En parallèle, Laurent travaille avec Résonance contemporaine, une structure de Bourg-en-Bresse qui gère un ensemble vocal de femmes et les Percussions de Treffort. Sa clarinette accompagne les six voix féminines et les Percussions, qui mêlent gens valides et handicapés, et où il reste de 1997 à 2010.

Un Laurent en Turakie
Il entre au Turak Théâtre en 2007 et s’apprête aujourd’hui, à la fin de la tournée de Carmen, à se lancer dans d’autres projets loin du théâtre d’objets de Michel Laubu. « Le premier spectacle, Intimae, on l’a joué au Théâtre de Vénissieux comme À notre insu, en 2010. J’ai commencé comme musicien de scène et compositeur et, depuis cinq ans, je me suis mis aussi à la vidéo. »

Outre pour le Turak, Laurent a également signé quelques vidéo-poèmes pour Armand le poête, alias Patrick Dubost. Côté musique, il a retrouvé depuis 2012 son copain de toujours, le trompettiste Fred Roudet, au sein de Possible(s) Quartet, aux côtés de Rémi Gaudillat et Loïc Bachevillier. « Avec Fred, on a commencé ensemble à l’école de musique et on a partagé les aventures de No Man’s Land, la Tribu Hérisson, Treffort et le Turak. J’ai de la chance de jouer avec lui depuis 30 ans. Il y a une telle émotion, dans son jeu… « 

Le festival Rhino Jazz de Rive-de-Gier a passé une commande à Possible(s) Quartet, Imperial Quartet et à quatre musiciens américains qui sont sur le dernier album de Bowie de faire des créations autour de l’œuvre du génial chanteur britannique. « Daniel Yvinec, directeur de l’Orchestre national de jazz, a proposé à chaque groupe une liste de morceaux. Nous avons écrit nos arrangements et il a ensuite aiguillé nos répétitions. Nous avons créé cet hommage à Bowie, We Could Be Heroes, le 14 octobre dernier à Saint-Chamond et avons obtenu un gros succès. Nous allons maintenant le tourner — entre autres le 26 janvier 2018 au théâtre Jean-Marais, au cours du Saint-Fons Jazz Festival — et le disque, enregistré en février, sortira à l’automne. »
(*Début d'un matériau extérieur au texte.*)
lemma is_ograph_osum: "is_ograph A \<Longrightarrow> is_ograph B \<Longrightarrow> is_ograph (osum A B)"
  by (auto simp: is_ograph_def edges_osum)

lemma is_ograph_osum_list: "\<forall>H\<in>set Gs. is_ograph H \<Longrightarrow> is_ograph (osum_list Gs)"
proof (induction Gs)
  case Nil
  then show ?case by (simp add: is_ograph_def edges_def)
next
  case (Cons A Gs)
  then show ?case by (simp add: is_ograph_osum)
qed

lemma irreducible_og_iff:
  "irreducible_og G \<longleftrightarrow> (\<forall>u. 1 \<le> u \<and> u < ord_of G \<longrightarrow> (\<exists>(i,j)\<in>edges G. i \<le> u \<and> u < j))"
proof
  assume "irreducible_og G"
  then have "\<not> separates G u (Suc u)" if "1 \<le> u" "u < ord_of G" for u
    using that unfolding irreducible_og_def by auto
  then show "\<forall>u. 1 \<le> u \<and> u < ord_of G \<longrightarrow> (\<exists>(i,j)\<in>edges G. i \<le> u \<and> u < j)"
    unfolding separates_def by fastforce
next
  assume "\<forall>u. 1 \<le> u \<and> u < ord_of G \<longrightarrow> (\<exists>(i,j)\<in>edges G. i \<le> u \<and> u < j)"
  then show "irreducible_og G"
    unfolding irreducible_og_def separates_def by fastforce
qed

lemma rank_in_pos: "finite S \<Longrightarrow> x \<in> S \<Longrightarrow> 1 \<le> rank_in S x"
  unfolding rank_in_def by (simp add: Suc_le_eq card_gt_0_iff) blast

lemma rank_in_le_card: "finite S \<Longrightarrow> rank_in S x \<le> card S"
  unfolding rank_in_def by (intro card_mono) auto

lemma rank_in_strict_mono:
  assumes "finite S" "y \<in> S" "x < y"
  shows "rank_in S x < rank_in S y"
proof -
  have "y \<in> {z \<in> S. z \<le> y} - {z \<in> S. z \<le> x}"
    using assms by auto
  moreover have "{z \<in> S. z \<le> x} \<subseteq> {z \<in> S. z \<le> y}"
    using assms by auto
  ultimately have "{z \<in> S. z \<le> x} \<subset> {z \<in> S. z \<le> y}"
    by blast
  then show ?thesis
    unfolding rank_in_def using assms(1) by (simp add: psubset_card_mono)
qed

lemma rank_in_sorted:
  assumes "sorted_wrt (<) xs" "i < length xs"
  shows "rank_in (set xs) (xs ! i) = Suc i"
proof -
  have le_iff: "xs ! j \<le> xs ! i \<longleftrightarrow> j \<le> i" if "j < length xs" for j
    using assms that by (metis linorder_not_le order.strict_iff_not sorted_wrt_iff_nth_less
        nat_less_le)
  have "{y \<in> set xs. y \<le> xs ! i} = set (take (Suc i) xs)"
    using assms(2) by (auto simp: in_set_conv_nth le_iff)
      (metis less_Suc_eq_le nth_take, metis less_Suc_eq_le le_less_trans)
  moreover have "distinct (take (Suc i) xs)"
    using assms(1) by (simp add: strict_sorted_iff)
  ultimately show ?thesis
    unfolding rank_in_def using assms(2) by (simp add: distinct_card)
qed

lemma is_ograph_induced:
  assumes "is_ograph G" "finite S"
  shows "is_ograph (induced G S)"
  unfolding is_ograph_def
proof clarify
  fix i j
  assume "(i,j) \<in> edges (induced G S)"
  then obtain x y where "(x,y) \<in> edges G" "x \<in> S" "y \<in> S" "i = rank_in S x" "j = rank_in S y"
    by (auto simp: edges_induced)
  moreover have "x < y"
    using assms(1) \<open>(x,y) \<in> edges G\<close> by (auto simp: is_ograph_def)
  ultimately show "1 \<le> i \<and> i < j \<and> j \<le> ord_of (induced G S)"
    using rank_in_pos rank_in_strict_mono rank_in_le_card assms(2) by simp
qed

lemma card_Un_shift:
  fixes a :: nat
  assumes "S \<subseteq> {1..a}" "finite R" "0 \<notin> R"
  shows "card (S \<union> (\<lambda>x. x + a) ` R) = card S + card R"
proof -
  have "y \<le> a" if "y \<in> S" for y
    using that assms(1) by auto
  moreover have "0 < r" if "r \<in> R" for r
    using that assms(3) neq0_conv by metis
  ultimately have "S \<inter> (\<lambda>x. x + a) ` R = {}"
    by fastforce
  then show ?thesis
    using assms finite_subset[OF assms(1)] by (simp add: card_Un_disjoint card_image)
qed
lemma thomason_compact_imp_thomason_compact_pre:
  assumes Y': "thomason_subset X' Y'" and compact: "thomason_compact X' Y'"
  shows "thomason_compact X (pre Y')"
proof (rule thomason_compactI)
  fix \<Y> assume \<Y>: "\<forall>Y\<in>\<Y>. thomason_subset X Y" and cover: "pre Y' \<subseteq> \<Union>\<Y>"
  define \<Y>' where "\<Y>' = {Y. thomason_subset X' Y \<and> pre Y \<in> \<Y>}"
  have "\<Union>\<Y> = pre (\<Union>\<Y>')"
  proof
    show "\<Union>\<Y> \<subseteq> pre (\<Union>\<Y>')"
    proof
      fix x assume "x \<in> \<Union>\<Y>"
      then obtain Y where "Y \<in> \<Y>" "x \<in> Y" by blast
      moreover obtain Y'' where "thomason_subset X' Y''" "Y = pre Y''"
        using \<Y> \<open>Y \<in> \<Y>\<close> thomason_subset_imp_eq_pre by blast
      ultimately show "x \<in> pre (\<Union>\<Y>')" unfolding \<Y>'_def by blast
    qed
    show "pre (\<Union>\<Y>') \<subseteq> \<Union>\<Y>" unfolding \<Y>'_def by blast
  qed
  then have "pre Y' \<subseteq> pre (\<Union>\<Y>')" using cover by simp
  moreover have "thomason_subset X' (\<Union>\<Y>')" unfolding \<Y>'_def by (intro thomason_subset_Union) blast
  ultimately have "Y' \<subseteq> \<Union>\<Y>'" using pre_subset_thomason_imp_subset[OF Y'] by blast
  moreover have "\<forall>Y\<in>\<Y>'. thomason_subset X' Y" unfolding \<Y>'_def by blast
  ultimately obtain \<Y>'\<^sub>0 where "finite \<Y>'\<^sub>0" "\<Y>'\<^sub>0 \<subseteq> \<Y>'" "Y' \<subseteq> \<Union>\<Y>'\<^sub>0"
    using thomason_compactD[OF compact, of \<Y>'] by blast
  then have "finite (pre ` \<Y>'\<^sub>0)" "pre ` \<Y>'\<^sub>0 \<subseteq> \<Y>" "pre Y' \<subseteq> \<Union>(pre ` \<Y>'\<^sub>0)"
    unfolding \<Y>'_def by blast+
  then show "\<exists>\<Y>\<^sub>0. finite \<Y>\<^sub>0 \<and> \<Y>\<^sub>0 \<subseteq> \<Y> \<and> pre Y' \<subseteq> \<Union>\<Y>\<^sub>0" by blast
qed

lemma thomason_compact_pre_iff:
  "thomason_subset X' Y' \<Longrightarrow> thomason_compact X (pre Y') \<longleftrightarrow> thomason_compact X' Y'"
  using thomason_compact_pre_imp_thomason_compact thomason_compact_imp_thomason_compact_pre by blast

lemma compact_openin_pre:
  assumes U': "compact_openin X' U'"
  shows "compact_openin X (pre U')"
proof -
  have Z': "thomason_subset X' (topspace X' - U')" using U' by (rule thomason_subset_compl)
  moreover have "thomason_compact X' (topspace X' - U')"
    using spectral_space_thomason_compact_iff[OF spectral' Z'] U' by blast
  ultimately have "thomason_compact X (pre (topspace X' - U'))" by (simp only: thomason_compact_pre_iff)
  then obtain V where V: "compact_openin X V" "pre (topspace X' - U') = topspace X - V"
    using spectral_space_thomason_compact_iff[OF spectral thomason_subset_pre[OF Z']] by blast
  have "pre U' = V" using V(2) compact_openin_subset_topspace[OF V(1)] unfolding pre_compl by blast
  then show ?thesis using V(1) by simp
qed

lemma compact_openin_imp_eq_pre:
  assumes U: "compact_openin X U"
  shows "\<exists>U'. compact_openin X' U' \<and> U = pre U'"
proof -
  have Z: "thomason_subset X (topspace X - U)" using U by (rule thomason_subset_compl)
  then obtain Z' where Z': "thomason_subset X' Z'" "topspace X - U = pre Z'"
    using thomason_subset_imp_eq_pre by blast
  have "thomason_compact X (topspace X - U)"
    using spectral_space_thomason_compact_iff[OF spectral Z] U by blast
  then have "thomason_compact X' Z'" using Z' by (simp only: thomason_compact_pre_iff)
  then obtain U' where U': "compact_openin X' U'" "Z' = topspace X' - U'"
    using spectral_space_thomason_compact_iff[OF spectral' Z'(1)] by blast
  have "U = pre U'"
    using Z'(2) compact_openin_subset_topspace[OF U] unfolding U'(2) pre_compl by blast
  then show ?thesis using U'(1) by blast
qed

lemma pre_subset_compact_openin_imp_subset:
  assumes "compact_openin X' U'" "compact_openin X' V'" "pre U' \<subseteq> pre V'"
  shows "U' \<subseteq> V'"
proof -
  have "pre (topspace X' - V') \<subseteq> pre (topspace X' - U')" using assms(3) unfolding pre_compl by blast
  then have "topspace X' - V' \<subseteq> topspace X' - U'"
    using assms(1,2) by (intro pre_subset_thomason_imp_subset thomason_subset_compl)
  then show ?thesis using compact_openin_subset_topspace[OF assms(1)] by blast
qed
lemma \<pi>1_sum:
  "finite S \<Longrightarrow> (\<And>p. p \<in> S \<Longrightarrow> F p \<in> carrier (Z1 C)) \<Longrightarrow> \<pi>1 (sum F S) = finprod (Q1 C) (\<lambda>p. \<pi>1 (F p)) S"
proof (induction S rule: finite_induct)
  case empty
  interpret Q: comm_group "Q1 C" by (rule Q1_comm_group)
  show ?case using \<pi>1_N1 subgroup.one_closed[OF N1_subgroup] by simp
next
  case (insert a S)
  interpret Q: comm_group "Q1 C" by (rule Q1_comm_group)
  have "sum F S \<in> carrier (Z1 C)"
    using insert.prems sum_closed_free_Abelian_group[of S F "arr C"] by simp
  then show ?case
    using insert hom_mult[OF \<pi>1_hom, of "F a" "sum F S"] hom_in_carrier[OF \<pi>1_hom]
    by (simp add: Pi_def)
qed

text \<open>\<open>ab_d1 C\<close> is not a homomorphism into \<open>Z1 C\<close>, since \<open>bd1\<close> is multiplicative only modulo
  \<open>N1 C\<close>; its composite with \<open>\<pi>1\<close> is, being the direct sum of the maps \<open>bd1_class c\<close>.\<close>

lemma \<pi>1_ab_d1:
  assumes x: "x \<in> carrier (Sn 2 C)"
  shows "\<pi>1 (ab_d1 C x) = sum_group_lift (obj C) (Q1 C) bd1_class x"
proof -
  interpret Q: comm_group "Q1 C" by (rule Q1_comm_group)
  let ?S = "{p \<in> obj C. x p \<noteq> \<one>\<^bsub>cgrp C 2 p\<^esub>}"
  have fin: "finite ?S" using x by (simp add: Sn_carrier)
  have car: "(\<lambda>p. bd1_class p (x p)) \<in> obj C \<rightarrow> carrier (Q1 C)"
    using x by (auto simp: bd1_class_carrier Sn_elem)
  have one: "bd1_class p \<one>\<^bsub>cgrp C 2 p\<^esub> = \<one>\<^bsub>Q1 C\<^esub>" if "p \<in> obj C" for p
    using hom_one[OF bd1_class_hom[OF that] cgrp_group Q1_group] that by simp
  have "\<pi>1 (ab_d1 C x) = finprod (Q1 C) (\<lambda>p. bd1_class p (x p)) ?S"
    unfolding ab_d1_def using fin x by (intro \<pi>1_sum) (auto simp: bd1_arr Sn_elem)
  also have "\<dots> = gfinprod (Q1 C) (\<lambda>p. bd1_class p (x p)) ?S"
    using fin car by (intro Q.gfinprod_eq_finprod[symmetric]) auto
  also have "\<dots> = sum_group_lift (obj C) (Q1 C) bd1_class x"
    unfolding sum_group_lift_def
    by (rule Q.gfinprod_mono_neutral_cong_left) (use car one in auto)
  finally show ?thesis .
qed

lemma \<pi>1_ab_d1_hom: "(\<lambda>x. \<pi>1 (ab_d1 C x)) \<in> hom (Sn 2 C) (Q1 C)"
proof (rule group.hom_restrict[OF Sn_group])
  show "sum_group_lift (obj C) (Q1 C) bd1_class \<in> hom (Sn 2 C) (Q1 C)"
    unfolding Sn_def
    by (rule sum_group_lift_hom[OF _ Q1_comm_group]) (simp_all add: cgrp_group bd1_class_hom)
qed (simp_all add: \<pi>1_ab_d1)

lemma \<pi>1_ab_d1_inj_c:
  assumes c: "c \<in> obj C" and a: "a \<in> carrier (cgrp C 2 c)"
  shows "\<pi>1 (ab_d1 C (inj_c 2 C c a)) = bd1_class c a"
proof -
  have "\<pi>1 (ab_d1 C (inj_c 2 C c a)) = sum_group_lift (obj C) (Q1 C) bd1_class (inj_c 2 C c a)"
    using \<pi>1_ab_d1 inj_c_carrier c a by simp
  also have "\<dots> = bd1_class c a"
    using sum_group_lift_inj[OF _ Q1_comm_group, of "obj C" "cgrp C 2" bd1_class c a] c a
    by (simp add: inj_c_eq_sum_group_inj cgrp_group bd1_class_hom)
  finally show ?thesis .
qed

lemma \<pi>1_ab_d1_Nn: "x \<in> Nn 2 C \<Longrightarrow> \<pi>1 (ab_d1 C x) = \<one>\<^bsub>Q1 C\<^esub>"
  by (rule hom_trivial_on_Nn[OF _ Q1_group \<pi>1_ab_d1_hom])
     (simp_all add: \<pi>1_ab_d1_inj_c bd1_class_act act_carrier src_obj tgt_obj)

lemma ab_dn_hom:
  assumes n: "2 \<le> n" shows "ab_dn n C \<in> hom (Sn (Suc n) C) (Sn n C)"
proof (rule homI)
  fix x assume x: "x \<in> carrier (Sn (Suc n) C)"
  have "{p \<in> obj C. ab_dn n C x p \<noteq> \<one>\<^bsub>cgrp C n p\<^esub>} \<subseteq> {p \<in> obj C. x p \<noteq> \<one>\<^bsub>cgrp C (Suc n) p\<^esub>}"
    using bd_one[OF n] by (auto simp: ab_dn_def)
  moreover have "finite {p \<in> obj C. x p \<noteq> \<one>\<^bsub>cgrp C (Suc n) p\<^esub>}"
    using x n by (simp add: Sn_carrier)
  ultimately have "finite {p \<in> obj C. ab_dn n C x p \<noteq> \<one>\<^bsub>cgrp C n p\<^esub>}"
    by (rule finite_subset)
  moreover have "ab_dn n C x \<in> (\<Pi>\<^sub>E p\<in>obj C. carrier (cgrp C n p))"
    using x n bd_carrier[OF n] by (auto simp: ab_dn_def Sn_carrier)
  ultimately show "ab_dn n C x \<in> carrier (Sn n C)"
    using n by (simp add: Sn_carrier)
next
  fix x y assume "x \<in> carrier (Sn (Suc n) C)" "y \<in> carrier (Sn (Suc n) C)"
  then show "ab_dn n C (x \<otimes>\<^bsub>Sn (Suc n) C\<^esub> y) = ab_dn n C x \<otimes>\<^bsub>Sn n C\<^esub> ab_dn n C y"
    using n by (auto simp: ab_dn_def Sn_def fun_eq_iff hom_mult[OF bd_hom] Sn_elem[unfolded Sn_def])
qed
Autre projet, cette fois avec Stephan Roelants, l’auteur d’un documentaire sur Une Carmen en Turakie qui va sortir prochainement en DVD : « Il a flashé sur le Turak et nous a suivis pendant deux ans. Il est aussi chanteur et nous allons faire un disque ensemble, avec des musiques que j’ai écrites sur ses textes. Je répète aussi en ce moment avec l’ensemble Odyssée un spectacle que l’on créera dans un an. »

Une Carmen en Turakie, le 1er décembre à 20 heures au Théâtre de Vénissieux.